#### Work item:
Lines from the line with "qed (simp add: hasse_deriv_def)" to the line with "n = monom 1" in the entries below, and only those, must be output exactly, with both ends included.

------

(* Let $E=E_+-E_-$ be a virtual complex, where $E_\pm$ are positive admissible complexes of Hilbert spaces, and assume $E$ is pseudofinite with $\det'(\Delta\,|\,E)=1$. Then the twist $E'$ is a pseudofinite virtual complex and $$\det{}'(\Delta\,|\,E')=\tau_1(E)^{-1}.$$
   Context: A positive complex of Hilbert spaces is $E_0\to E_1\to\cdots$ (zero in negative degrees); it is admissible if every Laplacian $\Delta_p=dd^*+d^*d|_{E_p}$ is admissible (restricted off its kernel): some negative power is trace class and its zeta function $\operatorname{tr}\Delta_p'^{-s}$ continues to a function holomorphic at $0$; $\det'(\Delta_p)=\exp(-\zeta'(0))$. For a virtual complex $E=E_+-E_-$ put $\det'(\Delta|E_k)=\det'(\Delta|(E_+)_k)/\det'(\Delta|(E_-)_k)$. $E$ is pseudofinite if there is $k_0$ with $\det'(\Delta|E_k)=1$ for all $k\ge k_0$; then $\det'(\Delta|E)=\prod_{k\ge0}\det'(\Delta|E_k)^{(-1)^k}$. The torsion is $\tau_1(E)=\prod_{p\ge0}\det'(\Delta|E_p)^{p(-1)^p}$. The twist is the virtual complex $E'=\sum_{k\ge0}(-1)^kE[-k]$, where $E[j]_k=E_{k+j}$; thus its degree-$j$ component is the virtual space $\sum_{k=0}^j(-1)^kE_{j-k}$ (with the direct-sum Laplacians), so $\det'(\Delta|E'_j)=\prod_{k=0}^{j}\det'(\Delta|E_{j-k})^{(-1)^k}$. *)

theory Defs
  imports Complex_Main
begin

text \<open>
  Abstraction: a positive admissible complex of Hilbert spaces E enters this
  statement only through the sequence of zeta-regularized determinants
  det'(Delta_p), p = 0,1,2,..., of its Laplacians, which are positive reals.
  We therefore represent E by this sequence  D :: nat => real  (with D p > 0).
  A virtual complex E = E_plus - E_minus is represented by the pair of
  sequences, and its degree-wise determinant is the quotient.
\<close>

definition vdet :: "(nat \<Rightarrow> real) \<Rightarrow> (nat \<Rightarrow> real) \<Rightarrow> nat \<Rightarrow> real" where
  "vdet Dp Dm k = Dp k / Dm k"

definition pseudofinite :: "(nat \<Rightarrow> real) \<Rightarrow> bool" where
  "pseudofinite D \<longleftrightarrow> (\<exists>k0. \<forall>k\<ge>k0. D k = 1)"

definition eprod :: "(nat \<Rightarrow> real) \<Rightarrow> real" where
  "eprod f = (\<Prod>k < (LEAST n. \<forall>k\<ge>n. f k = 1). f k)"

definition det_total :: "(nat \<Rightarrow> real) \<Rightarrow> real" where
  "det_total D = eprod (\<lambda>k. D k powi ((-1::int) ^ k))"

definition torsion1 :: "(nat \<Rightarrow> real) \<Rightarrow> real" where
  "torsion1 D = eprod (\<lambda>p. D p powi (int p * (-1::int) ^ p))"

definition twist :: "(nat \<Rightarrow> real) \<Rightarrow> nat \<Rightarrow> real" where
  "twist D j = (\<Prod>k\<le>j. D (j - k) powi ((-1::int) ^ k))"

end

theory Submission
  imports Defs
begin

text \<open>
  Put a(i) = det'(Delta|E_i)^((-1)^i) and S(j) = a(0) * ... * a(j). Reindexing the twist gives
  det'(Delta|E'_j) = S(j)^((-1)^j). If E_k is trivial for k >= n, then S(j) = det'(Delta|E) = 1
  for j >= n, so E' is pseudofinite and det'(Delta|E') = S(0) * ... * S(n-1), in which a(i)
  occurs n - i times. Since tau_1(E) is the product of the a(i)^i, multiplying the two gives
  (a(0) * ... * a(n-1))^n = det'(Delta|E)^n = 1.
\<close>

lemma powi_neg_one_power:
  "(x :: 'a :: division_ring) powi ((-1::int) ^ k) = (if even k then x else inverse x)"
  by (cases "even k") (auto simp: power_int_minus)

lemma prod_powi_neg_one_power:
  fixes f :: "'b \<Rightarrow> 'a :: field"
  shows "(\<Prod>i\<in>A. f i powi ((-1::int) ^ k)) = (\<Prod>i\<in>A. f i) powi ((-1::int) ^ k)"
  using prod_inversef[of f A] by (simp add: powi_neg_one_power o_def)

lemma prod_lessThan_eventually_one:
  fixes f :: "nat \<Rightarrow> 'a :: comm_monoid_mult"
  assumes "\<forall>k\<ge>n. f k = 1" and "n \<le> m"
  shows "(\<Prod>k<m. f k) = (\<Prod>k<n. f k)"
proof -
  have "(\<Prod>k<m. f k) = (\<Prod>k<n. f k) * (\<Prod>k\<in>{n..<m}. f k)"
    using assms(2) by (metis prod.atLeastLessThan_concat lessThan_atLeast0 zero_le)
  also have "(\<Prod>k\<in>{n..<m}. f k) = 1"
    using assms(1) by simp
  finally show ?thesis by simp
qed

lemma eprod_eq_prod_lessThan:
  assumes "\<forall>k\<ge>n. f k = 1"
  shows "eprod f = (\<Prod>k<n. f k)"
proof -
  let ?m = "LEAST n. \<forall>k\<ge>n. f k = 1"
  have "\<forall>k\<ge>?m. f k = 1"
    using assms by (rule LeastI)
  moreover have "?m \<le> n"
    using assms by (rule Least_le)
  ultimately have "(\<Prod>k<n. f k) = (\<Prod>k<?m. f k)"
    by (rule prod_lessThan_eventually_one)
  then show ?thesis
    unfolding eprod_def by simp
qed

lemma twist_eq_partial_prod_powi:
  "twist d j = (\<Prod>i\<le>j. d i powi ((-1::int) ^ i)) powi ((-1::int) ^ j)"
proof -
  have "twist d j = (\<Prod>i\<le>j. d i powi ((-1::int) ^ (j - i)))"
    unfolding twist_def
    by (rule prod.reindex_bij_witness[where i="\<lambda>i. j - i" and j="\<lambda>i. j - i"]) auto
  also have "\<dots> = (\<Prod>i\<le>j. (d i powi ((-1::int) ^ i)) powi ((-1::int) ^ j))"
  proof (rule prod.cong)
    fix i assume "i \<in> {..j}"
    then have "(-1::int) ^ (j - i) = (-1) ^ i * (-1) ^ j"
      by (auto simp: minus_one_power_iff)
    then show "d i powi ((-1::int) ^ (j - i)) = (d i powi ((-1::int) ^ i)) powi ((-1::int) ^ j)"
      by (simp add: power_int_mult)
  qed simp
  also have "\<dots> = (\<Prod>i\<le>j. d i powi ((-1::int) ^ i)) powi ((-1::int) ^ j)"
    by (rule prod_powi_neg_one_power)
  finally show ?thesis .
qed

lemma prod_partial_prods:
  fixes a :: "nat \<Rightarrow> 'a :: comm_monoid_mult"
  shows "(\<Prod>j<n. \<Prod>i\<le>j. a i) = (\<Prod>i<n. a i ^ (n - i))"
proof (induction n)
  case (Suc n)
  have "(\<Prod>j<Suc n. \<Prod>i\<le>j. a i) = (\<Prod>j<n. \<Prod>i\<le>j. a i) * (\<Prod>i\<le>n. a i)"
    by (rule prod.lessThan_Suc)
  also have "\<dots> = (\<Prod>i<n. a i ^ (n - i)) * ((\<Prod>i<n. a i) * a n)"
    by (metis Suc.IH lessThan_Suc_atMost prod.lessThan_Suc)
  also have "\<dots> = (\<Prod>i<n. a i ^ (n - i) * a i) * a n"
    by (simp add: prod.distrib ac_simps)
  also have "\<dots> = (\<Prod>i<Suc n. a i ^ (Suc n - i))"
    by (simp add: Suc_diff_le power_Suc2 del: power_Suc)
  finally show ?case .
qed simp

lemma twist_eventually_one:
  assumes "\<forall>k\<ge>n. d k = 1" and "det_total d = 1"
  shows "\<forall>j\<ge>n. twist d j = 1"
proof (intro allI impI)
  fix j assume "n \<le> j"
  then have "(\<Prod>i\<le>j. d i powi ((-1::int) ^ i)) = det_total d"
    unfolding det_total_def using assms(1)
    by (subst eprod_eq_prod_lessThan[where n="Suc j"]) (auto simp: lessThan_Suc_atMost)
  then show "twist d j = 1"
    by (simp add: twist_eq_partial_prod_powi assms(2))
qed

lemma det_total_twist_mult_torsion1:
  assumes "\<forall>k\<ge>n. d k = 1" and "det_total d = 1"
  shows "det_total (twist d) * torsion1 d = 1"
proof -
  define a where "a i = d i powi ((-1::int) ^ i)" for i
  have "det_total (twist d) = (\<Prod>j<n. twist d j powi ((-1::int) ^ j))"
    unfolding det_total_def using twist_eventually_one[OF assms]
    by (intro eprod_eq_prod_lessThan) simp
  also have "\<dots> = (\<Prod>j<n. \<Prod>i\<le>j. a i)"
    by (simp add: twist_eq_partial_prod_powi a_def flip: power_int_mult)
  also have "\<dots> = (\<Prod>i<n. a i ^ (n - i))"
    by (rule prod_partial_prods)
  finally have twist: "det_total (twist d) = (\<Prod>i<n. a i ^ (n - i))" .
  have torsion: "torsion1 d = (\<Prod>i<n. a i ^ i)"
    unfolding torsion1_def using assms(1)
    by (subst eprod_eq_prod_lessThan[where n=n]) (auto simp: a_def power_int_power' mult.commute)
  have "det_total d = (\<Prod>i<n. a i)"
    unfolding det_total_def a_def using assms(1) by (intro eprod_eq_prod_lessThan) simp
  then have "(\<Prod>i<n. a i) = 1"
    using assms(2) by simp
  then have "(\<Prod>i<n. a i ^ (n - i) * a i ^ i) = 1"
    by (simp flip: power_add prod_power_distrib)
  then show ?thesis
    by (simp add: twist torsion prod.distrib)
qed

theorem proposition2p2p1:
  fixes Dp Dm :: "nat \<Rightarrow> real"
  assumes "\<forall>k. Dp k > 0" and "\<forall>k. Dm k > 0"
    and "pseudofinite (vdet Dp Dm)"
    and "det_total (vdet Dp Dm) = 1"
  shows "pseudofinite (twist (vdet Dp Dm))
    \<and> det_total (twist (vdet Dp Dm)) = inverse (torsion1 (vdet Dp Dm))"
proof -
  obtain n where eventually_trivial: "\<forall>k\<ge>n. vdet Dp Dm k = 1"
    using assms(3) unfolding pseudofinite_def by blast
  have "pseudofinite (twist (vdet Dp Dm))"
    unfolding pseudofinite_def using twist_eventually_one[OF eventually_trivial assms(4)] by blast
  moreover have "det_total (twist (vdet Dp Dm)) = inverse (torsion1 (vdet Dp Dm))"
    using det_total_twist_mult_torsion1[OF eventually_trivial assms(4)] by (metis inverse_unique mult.commute)
  ultimately show ?thesis ..
qed

end
lemma dZ2_le_if_agree:
  assumes "\<And>m. \<bar>m\<bar> \<le> int M \<Longrightarrow> u m = v m"
  shows "dZ2 u v \<le> 3 powr - real (Suc M)"
proof (cases "u = v")
  case True then show ?thesis unfolding dZ2_def by simp
next
  case False
  let ?L = "LEAST k. \<exists>m. nat \<bar>m\<bar> = k \<and> u m \<noteq> v m"
  have "\<exists>k m. nat \<bar>m\<bar> = k \<and> u m \<noteq> v m" using False by auto
  then obtain m where m: "nat \<bar>m\<bar> = ?L" "u m \<noteq> v m" by (rule exE[OF LeastI_ex]) blast
  then have "\<bar>m\<bar> > int M" using assms by (meson not_le)
  then have "?L \<ge> Suc M" using m(1) by linarith
  then have "3 powr - real ?L \<le> 3 powr - real (Suc M)" by (intro powr_mono) auto
  then show ?thesis unfolding dZ2_def using False by simp
qed

lemma dZ_Tmap_iterate_le:
  assumes "\<And>j. 1 \<le> j \<Longrightarrow> j \<le> k + M \<Longrightarrow> fst x j = fst x' j"
    and "\<And>m. \<bar>m\<bar> \<le> \<bar>partial_sum (fst x) k\<bar> + int M \<Longrightarrow> snd x m = snd x' m"
  shows "dZ ((Tmap ^^ k) x) ((Tmap ^^ k) x') \<le> 3 powr - real (Suc M)"
proof -
  have "fst ((Tmap ^^ k) x) j = fst ((Tmap ^^ k) x') j" if "1 \<le> j" "j \<le> M" for j
    using that assms(1)[of "j + k"] by (simp add: fst_Tmap_iterate)
  then have y: "dY (fst ((Tmap ^^ k) x)) (fst ((Tmap ^^ k) x')) \<le> 3 powr - real (Suc M)"
    by (rule dY_le_if_agree)
  have same_sum: "partial_sum (fst x) k = partial_sum (fst x') k"
    unfolding partial_sum_def using assms(1) by (intro sum.cong) auto
  have "snd ((Tmap ^^ k) x) m = snd ((Tmap ^^ k) x') m" if "\<bar>m\<bar> \<le> int M" for m
    using that assms(2)[of "m + partial_sum (fst x) k"]
    by (simp add: snd_Tmap_iterate shiftZpow_def same_sum[symmetric])
  then have z: "dZ2 (snd ((Tmap ^^ k) x)) (snd ((Tmap ^^ k) x')) \<le> 3 powr - real (Suc M)"
    by (rule dZ2_le_if_agree)
  show ?thesis using y z unfolding dZ_def by simp
qed
(* Let $q$ be a prime power, let $k < q$ and $t \geq 1$ be integers, and let $C(X) \in \mathbb{F}_q[X]$ be a nonzero polynomial of the form $$C(X) = \sum_{i=0}^{t-1} C_i(X)\Lambda^i(X),$$ where $\Lambda(X) = X^q - X$ and $\deg(C_i) \leq k$ for all $i$. Let $H(X) \in \mathbb{F}_q[X]$ be irreducible, and let $\mu$ be the largest integer such that $H(X)^\mu$ divides $C(X)$. Then $\mu \bmod q \in [0, k+t-1]$. *)

theory Defs
  imports "HOL-Library.Cardinality" "HOL-Computational_Algebra.Polynomial" "HOL-Computational_Algebra.Polynomial_Factorial"
begin

definition Lambda_poly :: "'a::{field,finite} poly" where
  "Lambda_poly = (monom 1 (CARD('a)) - [:0, 1:] :: 'a poly)"

end

theory Submission
  imports Defs
begin

(* Work with Hasse derivatives D^(n) over F_q. Leibniz' rule makes the property
   "D^(n) f = 0 for w < n < q" behave additively in w under products; X^q and every q-th power
   have it with w = 0, so Lambda has it with w = 1 and C with w = k + t - 1. Write
   C = H^mu G with H not dividing G and mu = q m + r. For r < q the factor H^(q m) behaves like a
   constant under D^(r), and D^(r)(H^r G) is congruent to H'^r G modulo H. So if r > k + t - 1,
   then H divides H'^r G, hence H divides H'. This is impossible, because H' is nonzero (finite
   fields are perfect) and has smaller degree than H. *)

(* f(X + Y), as a polynomial in Y whose coefficients are polynomials in X *)
definition taylor_expansion :: "'a::comm_ring_1 poly \<Rightarrow> 'a poly poly" where
  "taylor_expansion f = map_poly (\<lambda>c. [:c:]) f \<circ>\<^sub>p [:[:0, 1:], 1:]"

definition hasse_deriv :: "nat \<Rightarrow> 'a::comm_ring_1 poly \<Rightarrow> 'a poly" where
  "hasse_deriv n f = coeff (taylor_expansion f) n"

lemma taylor_expansion_0 [simp]: "taylor_expansion 0 = 0"
  by (simp add: taylor_expansion_def)

lemma taylor_expansion_pCons:
  "taylor_expansion (pCons c f) = [:[:c:]:] + [:[:0, 1:], 1:] * taylor_expansion f"
  by (simp add: taylor_expansion_def map_poly_pCons pcompose_pCons)

lemma taylor_expansion_add: "taylor_expansion (f + g) = taylor_expansion f + taylor_expansion g"
proof -
  have "map_poly (\<lambda>c. [:c:]) (f + g) = map_poly (\<lambda>c. [:c:]) f + map_poly (\<lambda>c. [:c:]) g"
    by (intro poly_eqI) (simp add: coeff_map_poly)
  then show ?thesis
    by (simp add: taylor_expansion_def pcompose_add)
qed

lemma taylor_expansion_diff: "taylor_expansion (f - g) = taylor_expansion f - taylor_expansion g"
  using taylor_expansion_add [of "f - g" g] by (simp add: algebra_simps)

lemma taylor_expansion_smult: "taylor_expansion (smult c f) = [:[:c:]:] * taylor_expansion f"
  by (induction f) (simp_all add: taylor_expansion_pCons algebra_simps)

lemma taylor_expansion_mult: "taylor_expansion (f * g) = taylor_expansion f * taylor_expansion g"
proof (induction f)
  case (pCons c f)
  have "taylor_expansion (pCons c f * g) = taylor_expansion (smult c g + pCons 0 (f * g))"
    by simp
  also have "\<dots> = taylor_expansion (pCons c f) * taylor_expansion g"
    using pCons.IH
    by (simp add: taylor_expansion_add taylor_expansion_smult taylor_expansion_pCons
        algebra_simps del: pCons_0_0)
  finally show ?case .
qed simp

lemma taylor_expansion_power: "taylor_expansion (f ^ n) = taylor_expansion f ^ n"
  by (induction n) (simp_all add: taylor_expansion_mult taylor_expansion_pCons one_pCons)

lemma degree_taylor_expansion_le: "degree (taylor_expansion f) \<le> degree f"
  using degree_pcompose_le [of "map_poly (\<lambda>c. [:c:]) f" "[:[:0, 1:], 1:]"]
  by (simp add: taylor_expansion_def degree_map_poly)

lemma coeff_0_taylor_expansion [simp]: "coeff (taylor_expansion f) 0 = f"
  by (induction f) (auto simp: taylor_expansion_pCons)

lemma hasse_deriv_0 [simp]: "hasse_deriv 0 f = f"
  by (simp add: hasse_deriv_def)

lemma hasse_deriv_of_0 [simp]: "hasse_deriv n 0 = 0"
  by (simp add: hasse_deriv_def)

lemma hasse_deriv_1: "hasse_deriv 1 (f :: 'a::idom poly) = pderiv f"
proof (induction f)
  case (pCons c f)
  have "hasse_deriv 1 (pCons c f) = [:0, 1:] * hasse_deriv 1 f + f"
    by (simp add: hasse_deriv_def taylor_expansion_pCons)
  with pCons.IH show ?case
    by (simp add: pderiv_pCons)
qed (simp add: hasse_deriv_def)

lemma hasse_deriv_eq_0_if_degree_less: "degree f < n \<Longrightarrow> hasse_deriv n f = 0"
  using degree_taylor_expansion_le [of f] by (simp add: hasse_deriv_def coeff_eq_0)

lemma hasse_deriv_add: "hasse_deriv n (f + g) = hasse_deriv n f + hasse_deriv n g"
  by (simp add: hasse_deriv_def taylor_expansion_add)

lemma hasse_deriv_diff: "hasse_deriv n (f - g) = hasse_deriv n f - hasse_deriv n g"
  by (simp add: hasse_deriv_def taylor_expansion_diff)

lemma hasse_deriv_mult:
  "hasse_deriv n (f * g) = (\<Sum>i\<le>n. hasse_deriv i f * hasse_deriv (n - i) g)"
  by (simp add: hasse_deriv_def taylor_expansion_mult coeff_mult)

lemma taylor_expansion_eq_pCons:
  fixes f :: "'a::idom poly"
  obtains S where "taylor_expansion f = pCons f S" and "coeff S 0 = pderiv f"
proof (cases "taylor_expansion f")
  case (pCons a S)
  have "coeff (taylor_expansion f) 0 = f" and "coeff (taylor_expansion f) 1 = pderiv f"
    using hasse_deriv_1 [of f] by (simp_all add: hasse_deriv_def)
  with pCons have "a = f" and "coeff S 0 = pderiv f"
    by simp_all
  with pCons that show ?thesis
    by blast
qed

lemma hasse_deriv_power_mult_mod:
  fixes H G :: "'a::idom poly"
  shows "H dvd hasse_deriv n (H ^ n * G) - pderiv H ^ n * G"
proof -
  obtain S where TH: "taylor_expansion H = pCons H S" and S0: "coeff S 0 = pderiv H"
    by (rule taylor_expansion_eq_pCons)
  \<comment> \<open>Modulo \<open>H\<close>, the expansion of \<open>H\<close> is \<open>Y S\<close> with \<open>S(0) = H'\<close>.\<close>
  define YS where "YS = [:0, 1:] * S"
  have "taylor_expansion H - YS = [:H:]"
    by (simp add: TH YS_def)
  then have "[:H:] dvd taylor_expansion H ^ n - YS ^ n"
    using power_diff_sumr2 [of "taylor_expansion H" n YS] by (metis dvd_triv_left)
  then obtain P where "taylor_expansion H ^ n = YS ^ n + [:H:] * P"
    by (auto simp: dvd_def algebra_simps)
  moreover have "YS ^ n = monom 1 n * S ^ n"
    unfolding YS_def power_mult_distrib by (simp add: monom_altdef)
  ultimately have "taylor_expansion (H ^ n * G)
      = monom 1 n * (S ^ n * taylor_expansion G) + smult H (P * taylor_expansion G)"
    by (simp add: taylor_expansion_mult taylor_expansion_power distrib_right mult.assoc)
  then have "hasse_deriv n (H ^ n * G) = pderiv H ^ n * G + H * coeff (P * taylor_expansion G) n"
    by (simp add: hasse_deriv_def coeff_monom_mult coeff_mult_0 coeff_0_power S0)
  then show ?thesis
    by simp
qed
(* Let $n\geq 3$, let $\mathrm{D}_{2n}=\langle a,b\mid a^n=b^2=1,\ b^{-1}ab=a^{-1}\rangle$, let $\Gamma=\mathrm{Cay}(\mathrm{D}_{2n},S)$ be a Cayley digraph of $\mathrm{D}_{2n}$, and let $A=\mathrm{Aut}(\Gamma)$. Suppose $A$ has a subgroup $R$ which is regular on the vertex set of $\Gamma$ and isomorphic to $\mathrm{D}_{2n}$. Then $R$ and $R(\mathrm{D}_{2n})$ are conjugate in $A$ if and only if the unique cyclic subgroup of order $n$ in $R$ is conjugate in $A$ to $\langle R(a)\rangle$.
   Context: For a group $G$ and a subset $S\subseteq G$ with $1\notin S$, the Cayley digraph $\mathrm{Cay}(G,S)$ has vertex set $G$ and arc set $\{(g,sg)\mid g\in G,\ s\in S\}$. For $g\in G$, $R(g)$ denotes the right multiplication $x\mapsto xg$ on $G$, which is an automorphism of $\mathrm{Cay}(G,S)$; $R(G)=\{R(g)\mid g\in G\}$ is the right regular representation. A subgroup of $\mathrm{Aut}(\Gamma)$ is regular if it acts transitively on the vertices with trivial vertex stabilizers. *)

theory Defs
  imports "HOL-Algebra.Algebra"
begin

text \<open>Dihedral group of order 2n: the pair (i, s) encodes a^i b^s with 0 <= i < n,
  where s = True means the factor b is present. Multiplication:
  a^i b^s a^j b^t = a^(i + (if s then -j else j)) b^(s xor t).\<close>
definition dihedral :: "nat \<Rightarrow> (nat \<times> bool) monoid" where
  "dihedral n = \<lparr>carrier = {0..<n} \<times> UNIV,
     monoid.mult = (\<lambda>(i, s) (j, t). ((if s then i + n - j else i + j) mod n, s \<noteq> t)),
     monoid.one = (0, False)\<rparr>"

definition dih_a :: "nat \<Rightarrow> nat \<times> bool" where "dih_a n = (1 mod n, False)"
definition dih_b :: "nat \<times> bool" where "dih_b = (0, True)"

definition cay_arc :: "('a, 'b) monoid_scheme \<Rightarrow> 'a set \<Rightarrow> 'a \<Rightarrow> 'a \<Rightarrow> bool" where
  "cay_arc G S x y \<longleftrightarrow> x \<in> carrier G \<and> y \<in> carrier G \<and> (\<exists>s\<in>S. y = s \<otimes>\<^bsub>G\<^esub> x)"

definition cay_aut_group :: "('a, 'b) monoid_scheme \<Rightarrow> 'a set \<Rightarrow> ('a \<Rightarrow> 'a) monoid" where
  "cay_aut_group G S = BijGroup (carrier G) \<lparr>carrier :=
     {f \<in> Bij (carrier G). \<forall>x\<in>carrier G. \<forall>y\<in>carrier G.
         cay_arc G S x y \<longleftrightarrow> cay_arc G S (f x) (f y)}\<rparr>"

definition right_mult :: "('a, 'b) monoid_scheme \<Rightarrow> 'a \<Rightarrow> ('a \<Rightarrow> 'a)" where
  "right_mult G g = (\<lambda>x\<in>carrier G. x \<otimes>\<^bsub>G\<^esub> g)"

definition right_reg :: "('a, 'b) monoid_scheme \<Rightarrow> ('a \<Rightarrow> 'a) set" where
  "right_reg G = right_mult G ` carrier G"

------

#### Output of the task:
qed (simp add: hasse_deriv_def)

lemma hasse_deriv_eq_0_if_degree_less: "degree f < n \<Longrightarrow> hasse_deriv n f = 0"
  using degree_taylor_expansion_le [of f] by (simp add: hasse_deriv_def coeff_eq_0)

lemma hasse_deriv_add: "hasse_deriv n (f + g) = hasse_deriv n f + hasse_deriv n g"
  by (simp add: hasse_deriv_def taylor_expansion_add)

lemma hasse_deriv_diff: "hasse_deriv n (f - g) = hasse_deriv n f - hasse_deriv n g"
  by (simp add: hasse_deriv_def taylor_expansion_diff)

lemma hasse_deriv_mult:
  "hasse_deriv n (f * g) = (\<Sum>i\<le>n. hasse_deriv i f * hasse_deriv (n - i) g)"
  by (simp add: hasse_deriv_def taylor_expansion_mult coeff_mult)

lemma taylor_expansion_eq_pCons:
  fixes f :: "'a::idom poly"
  obtains S where "taylor_expansion f = pCons f S" and "coeff S 0 = pderiv f"
proof (cases "taylor_expansion f")
  case (pCons a S)
  have "coeff (taylor_expansion f) 0 = f" and "coeff (taylor_expansion f) 1 = pderiv f"
    using hasse_deriv_1 [of f] by (simp_all add: hasse_deriv_def)
  with pCons have "a = f" and "coeff S 0 = pderiv f"
    by simp_all
  with pCons that show ?thesis
    by blast
qed

lemma hasse_deriv_power_mult_mod:
  fixes H G :: "'a::idom poly"
  shows "H dvd hasse_deriv n (H ^ n * G) - pderiv H ^ n * G"
proof -
  obtain S where TH: "taylor_expansion H = pCons H S" and S0: "coeff S 0 = pderiv H"
    by (rule taylor_expansion_eq_pCons)
  \<comment> \<open>Modulo \<open>H\<close>, the expansion of \<open>H\<close> is \<open>Y S\<close> with \<open>S(0) = H'\<close>.\<close>
  define YS where "YS = [:0, 1:] * S"
  have "taylor_expansion H - YS = [:H:]"
    by (simp add: TH YS_def)
  then have "[:H:] dvd taylor_expansion H ^ n - YS ^ n"
    using power_diff_sumr2 [of "taylor_expansion H" n YS] by (metis dvd_triv_left)
  then obtain P where "taylor_expansion H ^ n = YS ^ n + [:H:] * P"
    by (auto simp: dvd_def algebra_simps)
  moreover have "YS ^ n = monom 1 n * S ^ n"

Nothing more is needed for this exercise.